The case of one explanatory variable is called simple
linear regression. Linear
regression was the first type of regression
analysis to be studied
rigorously, and to be used extensively in practical applications. This is
because models which depend linearly on their unknown parameters are easier to
fit than models which are non-linearly related to their parameters and because
the statistical properties of the resulting estimators are easier to determine.
Practical
Use of Linear Regression Model:
Linear regression has many practical uses. Most applications fall
into one of the following two broad categories:
·
If the goal is
prediction, or forecasting, or reduction, linear regression can be used to fit
a predictive model to an observed data set of y and X values.
After developing such a model, if an additional value of X is
then given without its accompanying value of y, the fitted model
can be used to make a prediction of the value of y.
·
Given a variable y and
a number of variables X1, ..., Xp that
may be related to y, linear regression analysis can be applied to
quantify the strength of the relationship between y and
the Xj, to assess which Xj may
have no relationship with y at all, and to identify which
subsets of the Xj contain redundant information
about y.
Assumptions for Linear
Regression Model:
The following are the major assumptions made by standard linear
regression models with standard estimation techniques.
·
Weak
exogeneity:. This essentially means
that the predictor variables x can be treated as fixed values,
rather than random variables. This means, for example, that the predictor
variables are assumed to be error-free, that is they are not contaminated with
measurement errors.
·
Linearity. This means that the mean of the response
variable is a linear combination of the parameters (regression
coefficients) and the predictor variables. Note that this assumption is much
less restrictive than it may at first seem. Because the predictor variables are
treated as fixed values, linearity is really only a restriction on the parameters.
·
Constant
variance: This means that
different response variables have the same variance in their errors,
regardless of the values of the predictor variables. In practice this
assumption is invalid if the response variables can vary over a wide scale.
Typically, for example, a response variable whose mean is large will have a
greater variance than one whose mean is small. For example, a given person
whose income is predicted to be $100,000 may easily have an actual income of
$80,000 or $120,000 (a SD of around $20,000), while another person
with a predicted income of $10,000 is unlikely to have the same $20,000
standard deviation, which would imply their actual income would vary anywhere
between -$10,000 and $30,000.
·
Independence of errors. This assumes that the errors of
the response variables are uncorrelated with each other. Some methods are
capable of handling correlated errors, although they typically require
significantly more data unless some sort of regularization is used to
bias the model towards assuming uncorrelated errors.
Extensions of Linear Regression:
Simple Multiple
Regression:
The very simplest case of a single scalar predictor variable x and
a single scalar response variable y is known as simple
linear regression. The extension to multiple and/or vector -valued
predictor variables (denoted with a capital X) is known as multiple
linear regression. Nearly all real-world regression models involve multiple
predictors, and basic descriptions of linear regression are often phrased in
terms of the multiple regression model.
Hierarchical Linear
Model:
Hierarchical Linear Model (or multilevel regression)

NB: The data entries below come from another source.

definition walk :: "('a \<Rightarrow> 'a \<Rightarrow> bool) \<Rightarrow> 'a set \<Rightarrow> nat \<Rightarrow> 'a \<Rightarrow> 'a \<Rightarrow> bool" where
  "walk E Y n x y \<longleftrightarrow> (\<exists>f :: nat \<Rightarrow> 'a. f 0 = x \<and> f n = y \<and> (\<forall>i\<le>n. f i \<in> Y)
     \<and> (\<forall>i<n. E (f i) (f (Suc i))))"

definition connected_to :: "('a \<Rightarrow> 'a \<Rightarrow> bool) \<Rightarrow> 'a set \<Rightarrow> 'a \<Rightarrow> 'a \<Rightarrow> bool" where
  "connected_to E Y x y \<longleftrightarrow> (\<exists>n. walk E Y n x y)"

text \<open>Graph distance (meaningful when x and y are connected).\<close>
definition gdist :: "('a \<Rightarrow> 'a \<Rightarrow> bool) \<Rightarrow> 'a set \<Rightarrow> 'a \<Rightarrow> 'a \<Rightarrow> nat" where
  "gdist E Y x y = (LEAST n. walk E Y n x y)"

definition diameter2 :: "('a \<Rightarrow> 'a \<Rightarrow> bool) \<Rightarrow> 'a set \<Rightarrow> bool" where
  "diameter2 E Y \<longleftrightarrow> (\<forall>x\<in>Y. \<forall>y\<in>Y. connected_to E Y x y \<and> gdist E Y x y \<le> 2)
     \<and> (\<exists>x\<in>Y. \<exists>y\<in>Y. gdist E Y x y = 2)"

definition sphere :: "('a \<Rightarrow> 'a \<Rightarrow> bool) \<Rightarrow> 'a set \<Rightarrow> 'a \<Rightarrow> nat \<Rightarrow> 'a set" where
  "sphere E Y y d = {z \<in> Y. connected_to E Y y z \<and> gdist E Y y z = d}"

definition extensible :: "('a \<Rightarrow> 'a \<Rightarrow> bool) \<Rightarrow> 'a set \<Rightarrow> nat \<Rightarrow> nat \<Rightarrow> nat \<Rightarrow> bool" where
  "extensible E Y t s sb \<longleftrightarrow>
     simple_graph E Y \<and>
     int t = 2 * int s - int sb - 1 \<and>
     diameter2 E Y \<and>
     (\<forall>y\<in>Y.
        card (sphere E Y y 1) = 2 * s \<and>
        card (sphere E Y y 2) = 2 * sb \<and>
        (\<forall>z\<in>sphere E Y y 1.
           card {w \<in> sphere E Y y 2. E z w} = sb \<and>
           card {w \<in> sphere E Y y 1. E z w} = t) \<and>
        (\<forall>z\<in>sphere E Y y 2.
           card {w \<in> sphere E Y y 2. E z w} = s \<and>
           card {w \<in> sphere E Y y 1. E z w} = s)) \<and>
     (\<forall>x y. E x y \<longrightarrow> card {z \<in> Y. E x z \<and> E y z} = t) \<and>
     card Y = 1 + 2 * s + 2 * sb"

definition compl_graph :: "('a \<Rightarrow> 'a \<Rightarrow> bool) \<Rightarrow> 'a set \<Rightarrow> 'a \<Rightarrow> 'a \<Rightarrow> bool" where
  "compl_graph E Y x y \<longleftrightarrow> x \<in> Y \<and> y \<in> Y \<and> x \<noteq> y \<and> \<not> E x y"

end

theory Submission
  imports Defs
begin

text \<open>When every two distinct vertices are adjacent or have a common neighbour, graph
  distance is determined by adjacency, so the spheres of radius 1 and 2 are the
  neighbourhood and the set of other non-neighbours. Complementation swaps these two sets,
  and each counting condition for the complement follows from one for the graph by
  counting non-neighbours instead of neighbours; for instance a non-neighbour of y has
  2 sb - s - 1 complement-neighbours among the other non-neighbours of y, which gives the
  complementary parameter. The complement again has diameter 2 because the two ends of an
  edge have sb > 0 common non-neighbours.\<close>

lemma walk_0_iff: "walk E Y 0 x y \<longleftrightarrow> x = y \<and> x \<in> Y"
  unfolding walk_def by (rule iffI) (force, rule exI[of _ "\<lambda>_. x"], auto)

lemma walk_1_iff: "walk E Y 1 x y \<longleftrightarrow> x \<in> Y \<and> y \<in> Y \<and> E x y"
  unfolding walk_def
  by (rule iffI) (metis One_nat_def le_refl less_one zero_le,
      rule exI[of _ "\<lambda>i. if i = 0 then x else y"], auto)

lemma walk_2_iff: "walk E Y 2 x y \<longleftrightarrow> x \<in> Y \<and> y \<in> Y \<and> (\<exists>z\<in>Y. E x z \<and> E z y)"
  unfolding walk_def
proof
  assume "\<exists>f. f 0 = x \<and> f 2 = y \<and> (\<forall>i\<le>2. f i \<in> Y) \<and> (\<forall>i<2. E (f i) (f (Suc i)))"
  then obtain f where "f 0 = x" "f 2 = y" "\<forall>i\<le>2. f i \<in> Y" "\<forall>i<2. E (f i) (f (Suc i))"
    by blast
  moreover have "E (f 0) (f 1)" "E (f 1) (f 2)"
    using \<open>\<forall>i<2. E (f i) (f (Suc i))\<close> by (auto simp: numeral_2_eq_2)
  ultimately show "x \<in> Y \<and> y \<in> Y \<and> (\<exists>z\<in>Y. E x z \<and> E z y)"
    by (metis le_refl one_le_numeral zero_le)
next
  assume "x \<in> Y \<and> y \<in> Y \<and> (\<exists>z\<in>Y. E x z \<and> E z y)"
  then obtain z where "x \<in> Y" "y \<in> Y" "z \<in> Y" "E x z" "E z y" by blast
  then show "\<exists>f. f 0 = x \<and> f 2 = y \<and> (\<forall>i\<le>2. f i \<in> Y) \<and> (\<forall>i<2. E (f i) (f (Suc i)))"
    by (intro exI[of _ "\<lambda>i. if i = 0 then x else if i = 1 then z else y"])
      (auto simp: less_2_cases_iff)
qed

definition diameter_le2 :: "('a \<Rightarrow> 'a \<Rightarrow> bool) \<Rightarrow> 'a set \<Rightarrow> bool" where
  "diameter_le2 E Y \<longleftrightarrow> (\<forall>x\<in>Y. \<forall>y\<in>Y. x = y \<or> E x y \<or> (\<exists>z\<in>Y. E x z \<and> E z y))"

definition neighbours :: "('a \<Rightarrow> 'a \<Rightarrow> bool) \<Rightarrow> 'a set \<Rightarrow> 'a \<Rightarrow> 'a set" where
  "neighbours E Y y = {z \<in> Y. E y z}"

definition non_neighbours :: "('a \<Rightarrow> 'a \<Rightarrow> bool) \<Rightarrow> 'a set \<Rightarrow> 'a \<Rightarrow> 'a set" where
  "non_neighbours E Y y = {z \<in> Y. z \<noteq> y \<and> \<not> E y z}"

lemma gdist_eq:
  assumes "simple_graph E Y" "diameter_le2 E Y" "x \<in> Y" "y \<in> Y"
  shows "connected_to E Y x y \<and> gdist E Y x y = (if x = y then 0 else if E x y then 1 else 2)"
proof -
  define d :: nat where "d = (if x = y then 0 else if E x y then 1 else 2)"
  have walk: "walk E Y d x y"
    using assms unfolding diameter_le2_def d_def by (auto simp: walk_0_iff walk_1_iff[simplified] walk_2_iff)
  have "\<not> walk E Y m x y" if "m < d" for m
    using that unfolding d_def
    by (auto simp: walk_0_iff walk_1_iff[simplified] less_2_cases_iff split: if_splits)
  then have "gdist E Y x y = d"
    unfolding gdist_def by (intro Least_equality walk) (meson not_le)
  with walk show ?thesis unfolding connected_to_def d_def by blast
qed

lemma sphere_1_eq_neighbours:
  assumes "simple_graph E Y" "diameter_le2 E Y" "y \<in> Y"
  shows "sphere E Y y 1 = neighbours E Y y"
  using gdist_eq[OF assms] assms(1)
  unfolding sphere_def neighbours_def simple_graph_def by (auto split: if_splits)

lemma sphere_2_eq_non_neighbours:
  assumes "simple_graph E Y" "diameter_le2 E Y" "y \<in> Y"
  shows "sphere E Y y 2 = non_neighbours E Y y"
  using gdist_eq[OF assms] unfolding sphere_def non_neighbours_def by (auto split: if_splits)

lemma diameter2_iff:
  assumes "simple_graph E Y"
  shows "diameter2 E Y \<longleftrightarrow> diameter_le2 E Y \<and> (\<exists>x\<in>Y. \<exists>y\<in>Y. x \<noteq> y \<and> \<not> E x y)"
proof
  assume diam: "diameter2 E Y"
  have le2: "diameter_le2 E Y"
    unfolding diameter_le2_def
  proof (intro ballI)
    fix x y assume "x \<in> Y" "y \<in> Y"
    with diam have "connected_to E Y x y" "gdist E Y x y \<le> 2"
      unfolding diameter2_def by auto
    then have "walk E Y (gdist E Y x y) x y" and "gdist E Y x y \<in> {0, 1, 2}"
      unfolding connected_to_def gdist_def by (auto intro: LeastI)
    then show "x = y \<or> E x y \<or> (\<exists>z\<in>Y. E x z \<and> E z y)"
      by (auto simp: walk_0_iff walk_1_iff[simplified] walk_2_iff)
  qed
  moreover obtain x y where "x \<in> Y" "y \<in> Y" "gdist E Y x y = 2"
    using diam unfolding diameter2_def by blast
  ultimately show "diameter_le2 E Y \<and> (\<exists>x\<in>Y. \<exists>y\<in>Y. x \<noteq> y \<and> \<not> E x y)"
    using gdist_eq[OF assms le2, of x y] by (auto split: if_splits)
next
  assume "diameter_le2 E Y \<and> (\<exists>x\<in>Y. \<exists>y\<in>Y. x \<noteq> y \<and> \<not> E x y)"
  then show "diameter2 E Y"
    using gdist_eq[OF assms] unfolding diameter2_def by auto
qed

lemma simple_graph_compl_graph: "simple_graph E Y \<Longrightarrow> simple_graph (compl_graph E Y) Y"
  unfolding simple_graph_def compl_graph_def by blast

lemma neighbours_compl_graph:
  "y \<in> Y \<Longrightarrow> neighbours (compl_graph E Y) Y y = non_neighbours E Y y"
  unfolding neighbours_def non_neighbours_def compl_graph_def by auto

lemma non_neighbours_compl_graph:
  "simple_graph E Y \<Longrightarrow> y \<in> Y \<Longrightarrow> non_neighbours (compl_graph E Y) Y y = neighbours E Y y"
  unfolding neighbours_def non_neighbours_def compl_graph_def simple_graph_def by auto

lemma card_compl_graph_adjacent:
  assumes "finite A" "A \<subseteq> Y" "z \<in> Y" "\<not> E z z"
  shows "card {w \<in> A. compl_graph E Y z w} + card {w \<in> A. E z w} + (if z \<in> A then 1 else 0)
    = card A"
proof -
  let ?C = "{w \<in> A. compl_graph E Y z w}" and ?N = "{w \<in> A. E z w}"
  have "A = (?C \<union> ?N) \<union> (A \<inter> {z})"
    using assms(2,3) unfolding compl_graph_def by auto
  then have "card A = card ((?C \<union> ?N) \<union> (A \<inter> {z}))"
    by (rule arg_cong)
  also have "\<dots> = card (?C \<union> ?N) + card (A \<inter> {z})"
    using assms(1,4) by (intro card_Un_disjoint) (auto simp: compl_graph_def)
  also have "card (?C \<union> ?N) = card ?C + card ?N"
    using assms(1) by (intro card_Un_disjoint) (auto simp: compl_graph_def)
  also have "card (A \<inter> {z}) = (if z \<in> A then 1 else 0)"
    by auto
  finally show ?thesis by simp
qed

definition extensible_at :: "('a \<Rightarrow> 'a \<Rightarrow> bool) \<Rightarrow> 'a set \<Rightarrow> nat \<Rightarrow> nat \<Rightarrow> nat \<Rightarrow> 'a \<Rightarrow> bool"
  where
  "extensible_at E Y t s sb y \<longleftrightarrow>
     card (neighbours E Y y) = 2 * s \<and>
     card (non_neighbours E Y y) = 2 * sb \<and>
     (\<forall>z\<in>neighbours E Y y.
        card {w \<in> non_neighbours E Y y. E z w} = sb \<and>
        card {w \<in> neighbours E Y y. E z w} = t) \<and>
     (\<forall>z\<in>non_neighbours E Y y.
        card {w \<in> non_neighbours E Y y. E z w} = s \<and>
        card {w \<in> neighbours E Y y. E z w} = s)"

organizes the data into a hierarchy of regressions, for example where A is
regressed on B, and B is regressed on C.
It is often used where the data have a natural hierarchical structure such as
in educational statistics, where students are nested in classrooms, classrooms
are nested in schools, and schools are nested in some administrative grouping,
such as a school district. The response variable might be a measure of student
achievement such as a test score, and different covariates would be collected
at the classroom, school, and school district levels.